2025-05-11 08:58:00,607 latency_env.delayed_mdp:training_loop(baseline-sac-noisy-humanoid):1223 [DEBUG]: All trajectory lengths: [100.0, 92.0, 148.0, 116.0, 88.0, 154.0, 101.0, 95.0, 150.0, 111.0]
2025-05-11 08:58:00,620 latency_env.delayed_mdp:training_loop(baseline-sac-noisy-humanoid):1199 [INFO]: Iteration 75/100 (estimated time remaining: 1 hour, 55 minutes, 8 seconds)
2025-05-11 09:02:28,380 latency_env.delayed_mdp:training_loop(baseline-sac-noisy-humanoid):1214 [DEBUG]: Evaluating for latency MM1Queue_a033_s075...
2025-05-11 09:02:31,609 latency_env.delayed_mdp:training_loop(baseline-sac-noisy-humanoid):1221 [DEBUG]: Total Reward: 671.09637 ± 153.544
2025-05-11 09:02:31,609 latency_env.delayed_mdp:training_loop(baseline-sac-noisy-humanoid):1222 [DEBUG]: All rewards: [535.1434, 939.3461, 548.55396, 546.55865, 941.7404, 699.0589, 600.0278, 494.7899, 738.96454, 666.7805]
2025-05-11 09:02:31,609 latency_env.delayed_mdp:training_loop(baseline-sac-noisy-humanoid):1223 [DEBUG]: All trajectory lengths: [97.0, 182.0, 100.0, 99.0, 181.0, 134.0, 110.0, 90.0, 140.0, 121.0]
2025-05-11 09:02:31,624 latency_env.delayed_mdp:training_loop(baseline-sac-noisy-humanoid):1199 [INFO]: Iteration 76/100 (estimated time remaining: 1 hour, 51 minutes, 7 seconds)
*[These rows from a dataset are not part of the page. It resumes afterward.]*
(* Let $\varphi\in\mathcal M$, and suppose the elements of $$L(\underline\alpha,\underline h)=\{h_1\log p:p\in\mathbb{P}\}\cup\bigcup_{j=1}^r\{h_{2j}\log(m+\alpha_j):m\in\mathbb{N}_0\}\cup\{\pi\}$$ are linearly independent over $\mathbb Q$. Fix any $\widehat{\underline\omega}\in\underline\Omega$. Then for every $n\in\mathbb N$, the probability measures on $(\underline H,\mathcal B(\underline H))$ $$P_{N,n}(A)=\frac1{N+1}\#\{0\le k\le N:\underline Z_n(\underline s+ik\underline h,\underline\alpha;\underline{\mathfrak B})\in A\},$$ $$P_{N,n,\widehat{\underline\omega}}(A)=\frac1{N+1}\#\{0\le k\le N:\underline Z_n(\underline s+ik\underline h,\widehat{\underline\omega},\underline\alpha;\underline{\mathfrak B})\in A\}$$ both converge weakly, as $N\to\infty$, to the same probability measure $P_n$ on $(\underline H,\mathcal B(\underline H))$.
   Context: Class $\mathcal M$. Let $\varphi(s)=\sum_{k\ge1}c_kk^{-s}$ ($\sigma>1$) be the shift $\widetilde\varphi(s+\alpha+\beta)$ of a polynomial Euler product $\widetilde\varphi(s)=\prod_m\prod_{j\le g(m)}(1-a_m^{(j)}p_m^{-sf(j,m)})^{-1}$, where $p_m$ is the $m$-th prime, $g(m)\le C_1p_m^\alpha$ and $|a_m^{(j)}|\le p_m^\beta$. Assume that for some $\tfrac12\le\sigma_0<1$: - $\varphi$ is meromorphic on $\sigma\ge\sigma_0$, with poles in a compact set disjoint from $\sigma=\sigma_0$; - $\varphi(\sigma+it)=O(|t|^{C_2})$ there; - $\int_0^T|\varphi(\sigma_0+it)|^2\,dt=O(T)$. The number $\sigma^*$ is the infimum of all $\sigma_1$ such that $\frac1{2T}\int_{-T}^T|\varphi(\sigma+it)|^2\,dt\sim\sum|c_m|^2m^{-2\sigma}$ for all $\sigma\ge\sigma_1$. Data. $r\ge1$, $l(j)\in\mathbb N$, $\lambda=\sum l(j)$, $\alpha_j\in(0,1)$, periodic sequences $\mathfrak B_{jl}=\{b_{mjl}\}_{m\ge0}$ (not all zero), and $h_1,h_{2j}>0$. Let $D_1\subset\{\sigma^*<\operatorname{Re}s<1\}$ and $D_2\subset\{\tfrac12<\operatorname{Re}s<1\}$ be open, and $\underline H=H(D_1)\times H(D_2)^\lambda$ with the topology of uniform convergence on compacta. For $\underline s=(s_1,s_{211},\dots,s_{2rl(r)})$, $\underline s+ik\underline h$ adds $ikh_1$ to $s_1$ and $ikh_{2j}$ to $s_{2jl}$. Torus. $\underline\Omega=\prod_{p\in\mathbb P}\gamma\times\prod_{j=1}^r\prod_{m\in\mathbb N_0}\gamma$ ($\gamma$ the unit circle), with elements $\underline\omega=(\omega_1,\omega_{21},\dots,\omega_{2r})$. The coordinates are $\omega_1(p)$ and $\omega_{2j}(m)$, with $\omega_1(m)=\prod\omega_1(p)^{a_p}$ for $m=\prod p^{a_p}$. Smoothed series. Fix $\sigma_0^*>\tfrac12$ and put $v_1(m,n)=\exp(-(m/n)^{\sigma_0^*})$ and $v_2(m,n,\alpha_j)=\exp(-((m+\alpha_j)/(n+\alpha_j))^{\sigma_0^*})$. Define $$\varphi_n(s)=\sum_{m\ge1}c_mv_1(m,n)m^{-s},\qquad \zeta_n(s,\alpha_j;\mathfrak B_{jl})=\sum_{m\ge0}b_{mjl}v_2(m,n,\alpha_j)(m+\alpha_j)^{-s},$$ $$\varphi_n(s,\omega_1)=\sum_{m\ge1}c_m\omega_1(m)v_1(m,n)m^{-s},\qquad \zeta_n(s,\alpha_j,\omega_{2j};\mathfrak B_{jl})=\sum_{m\ge0}b_{mjl}\omega_{2j}(m)v_2(m,n,\alpha_j)(m+\alpha_j)^{-s}.$$ These converge absolutely for $\operatorname{Re}s>\tfrac12$. Set $$\underline Z_n(\underline s,\underline\alpha;\underline{\mathfrak B})=(\varphi_n(s_1),\zeta_n(s_{211},\alpha_1;\mathfrak B_{11}),\dots,\zeta_n(s_{2rl(r)},\alpha_r;\mathfrak B_{rl(r)})),$$ and let $\underline Z_n(\underline s,\underline\omega,\underline\alpha;\underline{\mathfrak B})$ be the analogous tuple built from the $\omega$-twisted series. *)

theory Defs
  imports "HOL-Complex_Analysis.Complex_Analysis" "HOL-Probability.Probability"
    "HOL-Library.Landau_Symbols"
begin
2025-05-11 09:06:57,987 latency_env.delayed_mdp:training_loop(baseline-sac-noisy-humanoid):1214 [DEBUG]: Evaluating for latency MM1Queue_a033_s075...
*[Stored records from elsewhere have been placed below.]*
lemma sum_indep_weight_supersets_le:
  assumes "finite V" "C \<subseteq> V" "\<And>v. v \<in> V \<Longrightarrow> 0 \<le> lam v"
  shows "(\<Sum>A\<in>{A\<in>Pow V. C \<subseteq> A}. indep_weight E lam A) \<le> prod lam C * hc_Z V E lam"
proof -
  have "(\<Sum>A\<in>{A\<in>Pow V. C \<subseteq> A}. indep_weight E lam A)
      \<le> (\<Sum>A\<in>{A\<in>Pow V. C \<subseteq> A}. prod lam C * indep_weight E lam (A - C))"
    using assms by (intro sum_mono indep_weight_le_prod_mult_diff) (auto intro: finite_subset)
  also have "\<dots> = prod lam C * (\<Sum>A\<in>(\<lambda>A. A - C) ` {A\<in>Pow V. C \<subseteq> A}. indep_weight E lam A)"
    by (subst sum.reindex) (auto intro!: inj_onI simp: sum_distrib_left)
  also have "\<dots> \<le> prod lam C * hc_Z V E lam"
    unfolding hc_Z_eq_sum_indep_weight using assms
    by (intro mult_left_mono sum_mono2 indep_weight_nonneg prod_nonneg) auto
  finally show ?thesis .
qed

lemma hc_Z_le_prod_mult_sum_avoiding:
  assumes "finite V" "N \<subseteq> V" "\<And>v. v \<in> V \<Longrightarrow> 0 \<le> lam v"
  shows "hc_Z V E lam \<le> (\<Prod>v\<in>N. 1 + lam v) * (\<Sum>A\<in>Pow (V - N). indep_weight E lam A)"
proof -
  have fin: "finite N" "finite (V - N)" using assms(1,2) by (auto intro: finite_subset)
  have "hc_Z V E lam = (\<Sum>A\<in>Pow ((V - N) \<union> N). indep_weight E lam A)"
    unfolding hc_Z_eq_sum_indep_weight using assms(2) by (simp add: Un_absorb2)
  also have "\<dots> = (\<Sum>X\<in>Pow (V - N). \<Sum>Y\<in>Pow N. indep_weight E lam (X \<union> Y))"
    by (rule sum_Pow_union) (use fin in auto)
  also have "\<dots> \<le> (\<Sum>X\<in>Pow (V - N). \<Sum>Y\<in>Pow N. prod lam Y * indep_weight E lam X)"
  proof (intro sum_mono)
    fix X Y assume "X \<in> Pow (V - N)" "Y \<in> Pow N"
    then have XY: "X \<union> Y - Y = X" "X \<union> Y \<subseteq> V" using assms(2) by auto
    have "indep_weight E lam (X \<union> Y) \<le> prod lam Y * indep_weight E lam (X \<union> Y - Y)"
      using XY(2) assms(3) finite_subset[OF XY(2) assms(1)]
      by (intro indep_weight_le_prod_mult_diff) auto
    then show "indep_weight E lam (X \<union> Y) \<le> prod lam Y * indep_weight E lam X"
      by (simp only: XY(1))
  qed
  also have "\<dots> = (\<Sum>X\<in>Pow (V - N). (\<Sum>Y\<in>Pow N. prod lam Y) * indep_weight E lam X)"
    by (simp add: sum_distrib_right)
  also have "(\<Sum>Y\<in>Pow N. prod lam Y) = (\<Prod>v\<in>N. 1 + lam v)"
    using prod_add[OF fin(1), of lam "\<lambda>_. 1"] by (simp add: add.commute)
  also have "(\<Sum>X\<in>Pow (V - N). (\<Prod>v\<in>N. 1 + lam v) * indep_weight E lam X)
      = (\<Prod>v\<in>N. 1 + lam v) * (\<Sum>A\<in>Pow (V - N). indep_weight E lam A)"
    by (simp add: sum_distrib_left)
  finally show ?thesis .
qed

lemma indep_weight_insert_nonadjacent:
  assumes "simple_graph V E" "finite A" "v \<notin> A" "\<And>u. u \<in> A \<Longrightarrow> \<not> E v u"
  shows "indep_weight E lam (insert v A) = lam v * indep_weight E lam A"
proof -
  have "independent E (insert v A) \<longleftrightarrow> independent E A"
    using assms(1,4) unfolding independent_def simple_graph_def by blast
  then show ?thesis using assms(2,3) by (simp add: indep_weight_def)
qed

lemma hc_prob_occupied_avoiding_neighbours:
  assumes "simple_graph V E" "v \<in> V" "\<And>u. u \<in> V \<Longrightarrow> 0 \<le> lam u"
  defines "N \<equiv> {u \<in> V. E v u}"
  shows "(\<Sum>A\<in>{A\<in>Pow (V - N). v \<in> A}. hc_prob V E lam A)
       = lam v / (1 + lam v) * (\<Sum>A\<in>Pow (V - N). hc_prob V E lam A)"
proof -
  have fin: "finite V" using assms(1) by (simp add: simple_graph_def)
  have v_free: "v \<in> V - N" using assms(1,2) by (auto simp: N_def simple_graph_def)
  let ?w = "indep_weight E lam"
  let ?occ = "\<Sum>A\<in>{A\<in>Pow (V - N). v \<in> A}. ?w A" and ?unocc = "\<Sum>A\<in>{A\<in>Pow (V - N). v \<notin> A}. ?w A"
  have "?occ = (\<Sum>A\<in>{A\<in>Pow (V - N). v \<notin> A}. ?w (insert v A))"
    by (rule sum.reindex_bij_witness[where i = "insert v" and j = "\<lambda>A. A - {v}"]) (use v_free in \<open>auto simp: insert_absorb\<close>)
  also have "\<dots> = lam v * ?unocc"
    unfolding sum_distrib_left
  proof (rule sum.cong)
    fix A assume "A \<in> {A\<in>Pow (V - N). v \<notin> A}"
    with fin show "?w (insert v A) = lam v * ?w A"
      by (intro indep_weight_insert_nonadjacent[OF assms(1)]) (auto simp: N_def intro: finite_subset)
  qed simp
  finally have occ: "?occ = lam v * ?unocc" .
  have "(\<Sum>A\<in>Pow (V - N). ?w A) = (\<Sum>A\<in>{A\<in>Pow (V - N). v \<in> A} \<union> {A\<in>Pow (V - N). v \<notin> A}. ?w A)"
    by (rule sum.cong) auto
  also have "\<dots> = ?occ + ?unocc" using fin by (intro sum.union_disjoint) auto
  finally have "?occ * (1 + lam v) = lam v * (\<Sum>A\<in>Pow (V - N). ?w A)"
    using occ by (simp add: algebra_simps)
  moreover have "0 < 1 + lam v" using assms(2,3) by (simp add: add_pos_nonneg)
  ultimately have "?occ = lam v / (1 + lam v) * (\<Sum>A\<in>Pow (V - N). ?w A)"
    by (simp add: field_simps)
  then show ?thesis unfolding hc_prob_def sum_divide_distrib[symmetric] by simp
qed

lemma hc_prob_avoiding_ge:
  assumes "finite V" "N \<subseteq> V" "\<And>u. u \<in> V \<Longrightarrow> 0 \<le> lam u"
  shows "1 / (\<Prod>u\<in>N. 1 + lam u) \<le> (\<Sum>A\<in>Pow (V - N). hc_prob V E lam A)"
proof -
  let ?P = "\<Prod>u\<in>N. 1 + lam u" and ?W = "\<Sum>A\<in>Pow (V - N). indep_weight E lam A"
  have "0 < ?P" using assms by (intro prod_pos) (auto simp: add_pos_nonneg)
  moreover have "0 < hc_Z V E lam" by (rule hc_Z_pos[OF assms(1,3)])
  moreover have "hc_Z V E lam \<le> ?P * ?W" by (rule hc_Z_le_prod_mult_sum_avoiding[OF assms])
  ultimately have "1 / ?P \<le> ?W / hc_Z V E lam" by (simp add: divide_simps mult.commute)
  then show ?thesis by (simp add: hc_prob_def sum_divide_distrib)
qed

lemma d_TV_gibbs_eq:
  "d_TV V (gibbs V E lmu) (gibbs V E lnu) = (1/2) * (\<Sum>A\<in>Pow V. \<bar>hc_prob V E lmu A - hc_prob V E lnu A\<bar>)"
  unfolding d_TV_def sum_configs_eq_sum_Pow by (simp add: gibbs_config_of)

lemma abs_sum_hc_prob_diff_le_d_TV:
  assumes "finite V" "F \<subseteq> Pow V"
  shows "\<bar>(\<Sum>A\<in>F. hc_prob V E lmu A) - (\<Sum>A\<in>F. hc_prob V E lnu A)\<bar>
       \<le> 2 * d_TV V (gibbs V E lmu) (gibbs V E lnu)"
proof -
  have "\<bar>(\<Sum>A\<in>F. hc_prob V E lmu A) - (\<Sum>A\<in>F. hc_prob V E lnu A)\<bar> \<le> (\<Sum>A\<in>F. \<bar>hc_prob V E lmu A - hc_prob V E lnu A\<bar>)"
    by (simp add: sum_abs flip: sum_subtractf)
  also have "\<dots> \<le> (\<Sum>A\<in>Pow V. \<bar>hc_prob V E lmu A - hc_prob V E lnu A\<bar>)"
    using assms by (intro sum_mono2) auto
  finally show ?thesis by (simp add: d_TV_gibbs_eq)
qed

lemma abs_prod_one_plus_le:
  fixes a :: "'a \<Rightarrow> real"
  shows "\<bar>\<Prod>v\<in>Y. 1 + a v\<bar> \<le> (\<Prod>v\<in>Y. 1 + \<bar>a v\<bar>)"
  by (induction Y rule: infinite_finite_induct) (auto simp: abs_mult intro!: mult_mono)

lemma abs_prod_one_plus_sub_one_le:
  fixes a :: "'a \<Rightarrow> real"
  shows "\<bar>(\<Prod>v\<in>Y. 1 + a v) - 1\<bar> \<le> (\<Prod>v\<in>Y. 1 + \<bar>a v\<bar>) - 1"
proof (induction Y rule: infinite_finite_induct)
  case (insert x F)
  let ?P = "\<Prod>v\<in>F. 1 + a v" and ?Q = "\<Prod>v\<in>F. 1 + \<bar>a v\<bar>"
  have "\<bar>(1 + a x) * ?P - 1\<bar> = \<bar>(?P - 1) + a x * ?P\<bar>" by (simp add: algebra_simps)
  also have "\<dots> \<le> \<bar>?P - 1\<bar> + \<bar>a x\<bar> * \<bar>?P\<bar>" by (simp add: abs_mult abs_triangle_ineq[THEN order_trans])
  also have "\<dots> \<le> (?Q - 1) + \<bar>a x\<bar> * ?Q"
    by (rule add_mono[OF insert.IH mult_left_mono[OF abs_prod_one_plus_le]]) simp
  also have "\<dots> = (1 + \<bar>a x\<bar>) * ?Q - 1" by (simp add: algebra_simps)
  finally show ?case using insert by simp
qed auto

lemma one_plus_pow_le_linear:
  fixes D :: real
  assumes "0 \<le> D" "real n * D \<le> 1/2"
  shows "(1 + D) ^ n \<le> 1 + 2 * (real n * D)"
proof -
  have "(1 + D) ^ n \<le> exp D ^ n" using assms(1) exp_ge_add_one_self[of D] by (intro power_mono) auto
  also have "\<dots> = exp (real n * D)" by (simp add: exp_of_nat_mult)
  also have "\<dots> \<le> 1 + 2 * (real n * D)" using assms by (intro real_exp_bound_lemma) auto
  finally show ?thesis .
qed

definition weighted_variance :: "('b \<Rightarrow> real) \<Rightarrow> 'b set \<Rightarrow> ('b \<Rightarrow> real) \<Rightarrow> real" where
  "weighted_variance p \<Omega> f = (\<Sum>x\<in>\<Omega>. p x * (f x - (\<Sum>y\<in>\<Omega>. p y * f y))\<^sup>2)"

lemma weighted_variance_le:
  assumes "(\<Sum>x\<in>\<Omega>. p x) = 1"
  shows "weighted_variance p \<Omega> f \<le> (\<Sum>x\<in>\<Omega>. p x * (f x - c)\<^sup>2)"
proof -
  define m where "m = (\<Sum>y\<in>\<Omega>. p y * f y)"
  have "p x * (f x - c)\<^sup>2 = p x * (f x - m)\<^sup>2 + 2 * (m - c) * (p x * f x) - 2 * (m - c) * m * p x + (m - c)\<^sup>2 * p x"
    for x by (simp add: algebra_simps power2_eq_square)
  then have "(\<Sum>x\<in>\<Omega>. p x * (f x - c)\<^sup>2) = weighted_variance p \<Omega> f + (m - c)\<^sup>2"
    using assms by (simp add: weighted_variance_def m_def[symmetric] sum.distrib sum_subtractf
        flip: sum_distrib_left)
  then show ?thesis by simp
qed

lemma weighted_variance_reindex:
  assumes "inj_on g A" "\<And>x. x \<in> A \<Longrightarrow> p (g x) = p' x" "\<And>x. x \<in> A \<Longrightarrow> f (g x) = f' x"
  shows "weighted_variance p (g ` A) f = weighted_variance p' A f'"
  unfolding weighted_variance_def sum.reindex[OF assms(1)] using assms(2,3) by (simp cong: sum.cong)

section \<open>Consequences of the uniqueness condition\<close>

lemma uniqueness_threshold_le:
  fixes \<Delta> :: nat
  assumes "3 \<le> \<Delta>"
  shows "(real \<Delta> - 1) ^ (\<Delta> - 1) / (real \<Delta> - 2) ^ \<Delta> \<le> exp 2 / (real \<Delta> - 2)"
proof -
  obtain k where k: "\<Delta> = Suc k" using assms by (cases \<Delta>) auto
  define r where "r = real k - 1"
  have r: "1 \<le> r" "real k = r + 1" using assms k by (simp_all add: r_def)
  have "(real \<Delta> - 1) ^ (\<Delta> - 1) / (real \<Delta> - 2) ^ \<Delta> = (r + 1) ^ k / r ^ Suc k"
    by (simp add: k r_def algebra_simps)
  also have "\<dots> = ((r + 1) / r) ^ k / r" by (simp add: power_divide)
  also have "(r + 1) / r = 1 + 1 / r" using r(1) by (simp add: field_simps)
  also have "(1 + 1 / r) ^ k / r \<le> exp (1 / r) ^ k / r"
    using r(1) exp_ge_add_one_self[of "1 / r"] by (intro divide_right_mono power_mono) auto
  also have "exp (1 / r) ^ k = exp (1 + 1 / r)"
    using r by (simp add: exp_of_nat_mult[symmetric] field_simps)
  also have "exp (1 + 1 / r) / r \<le> exp 2 / r" using r(1) by (intro divide_right_mono) auto
  finally show ?thesis by (simp add: k r_def)
qed

lemma fugacity_le_of_uniqueness:
  assumes "uniqueness V E lam \<eta>" "0 \<le> \<eta>" "3 \<le> max_degree V E" "v \<in> V"
  shows "lam v \<le> exp 2 / (real (max_degree V E) - 2)"
proof -
  let ?\<Delta> = "max_degree V E"
  let ?t = "(real ?\<Delta> - 1) ^ (?\<Delta> - 1) / (real ?\<Delta> - 2) ^ ?\<Delta>"
  have "lam v \<le> (1 - \<eta>) * ?t"
    using assms(1,4) unfolding uniqueness_def Let_def by (simp add: mult.assoc)
  also have "\<dots> \<le> ?t"
  proof -
    have le: "(1 - \<eta>) * t \<le> t" if "0 \<le> t" for t :: real
      using mult_nonneg_nonneg[OF assms(2) that] by (simp add: algebra_simps)
    show ?thesis by (rule le) (use assms(3) in simp)
  qed
  also have "\<dots> \<le> exp 2 / (real ?\<Delta> - 2)" by (rule uniqueness_threshold_le[OF assms(3)])
  finally show ?thesis .
qed

lemma exp_two_le_nine: "exp 2 \<le> (9::real)"
proof -
  have "exp (2::real) = exp 1 * exp 1" by (simp flip: exp_add)
  also have "\<dots> \<le> 3 * 3" using exp_le by (intro mult_mono) auto
  finally show ?thesis by simp
qed

lemma fugacity_le_nine_of_uniqueness:
  assumes "uniqueness V E lam \<eta>" "0 \<le> \<eta>" "3 \<le> max_degree V E" "v \<in> V"
  shows "lam v \<le> 9"
proof -
  have "exp 2 / (real (max_degree V E) - 2) \<le> exp 2 / 1"
    using assms(3) by (intro divide_left_mono) auto
  then show ?thesis using fugacity_le_of_uniqueness[OF assms] exp_two_le_nine by simp
qed

lemma prod_neighbours_le_of_uniqueness:
  assumes "simple_graph V E" "uniqueness V E lam \<eta>" "0 \<le> \<eta>" "3 \<le> max_degree V E" "v \<in> V"
    and "\<And>u. u \<in> V \<Longrightarrow> 0 \<le> lam u"
  shows "(\<Prod>u\<in>{u \<in> V. E v u}. 1 + lam u) \<le> exp 27"
proof -
  let ?\<Delta> = "max_degree V E" and ?N = "{u \<in> V. E v u}"
  let ?c = "exp 2 / (real ?\<Delta> - 2)"
  have "card ?N \<le> ?\<Delta>"
    using assms(1,5) unfolding max_degree_def degree_def simple_graph_def by (auto intro: Max_ge)
  have "(\<Prod>u\<in>?N. 1 + lam u) \<le> exp (\<Sum>u\<in>?N. lam u)"
    using assms(6) by (intro prod_le_exp_sum) auto
  also have "(\<Sum>u\<in>?N. lam u) \<le> real ?\<Delta> * ?c"
  proof -
    have "(\<Sum>u\<in>?N. lam u) \<le> real (card ?N) * ?c"
      using sum_mono[of ?N lam "\<lambda>_. ?c"] fugacity_le_of_uniqueness[OF assms(2-4)] by auto
    also have "\<dots> \<le> real ?\<Delta> * ?c"
      using \<open>card ?N \<le> ?\<Delta>\<close> assms(4) by (intro mult_right_mono) auto
    finally show ?thesis .
  qed
  also have "real ?\<Delta> * ?c = exp 2 * (real ?\<Delta> / (real ?\<Delta> - 2))" by simp
  also have "\<dots> \<le> 9 * 3"
    using assms(4) exp_two_le_nine by (intro mult_mono) (auto simp: divide_le_eq)
  finally show ?thesis by simp
qed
2025-05-11 09:07:00,561 latency_env.delayed_mdp:training_loop(baseline-sac-noisy-humanoid):1221 [DEBUG]: Total Reward: 563.63422 ± 73.541
2025-05-11 09:07:00,561 latency_env.delayed_mdp:training_loop(baseline-sac-noisy-humanoid):1222 [DEBUG]: All rewards: [551.08356, 490.01874, 523.13245, 624.53204, 486.19318, 475.67697, 535.9086, 646.55505, 707.7288, 595.5127]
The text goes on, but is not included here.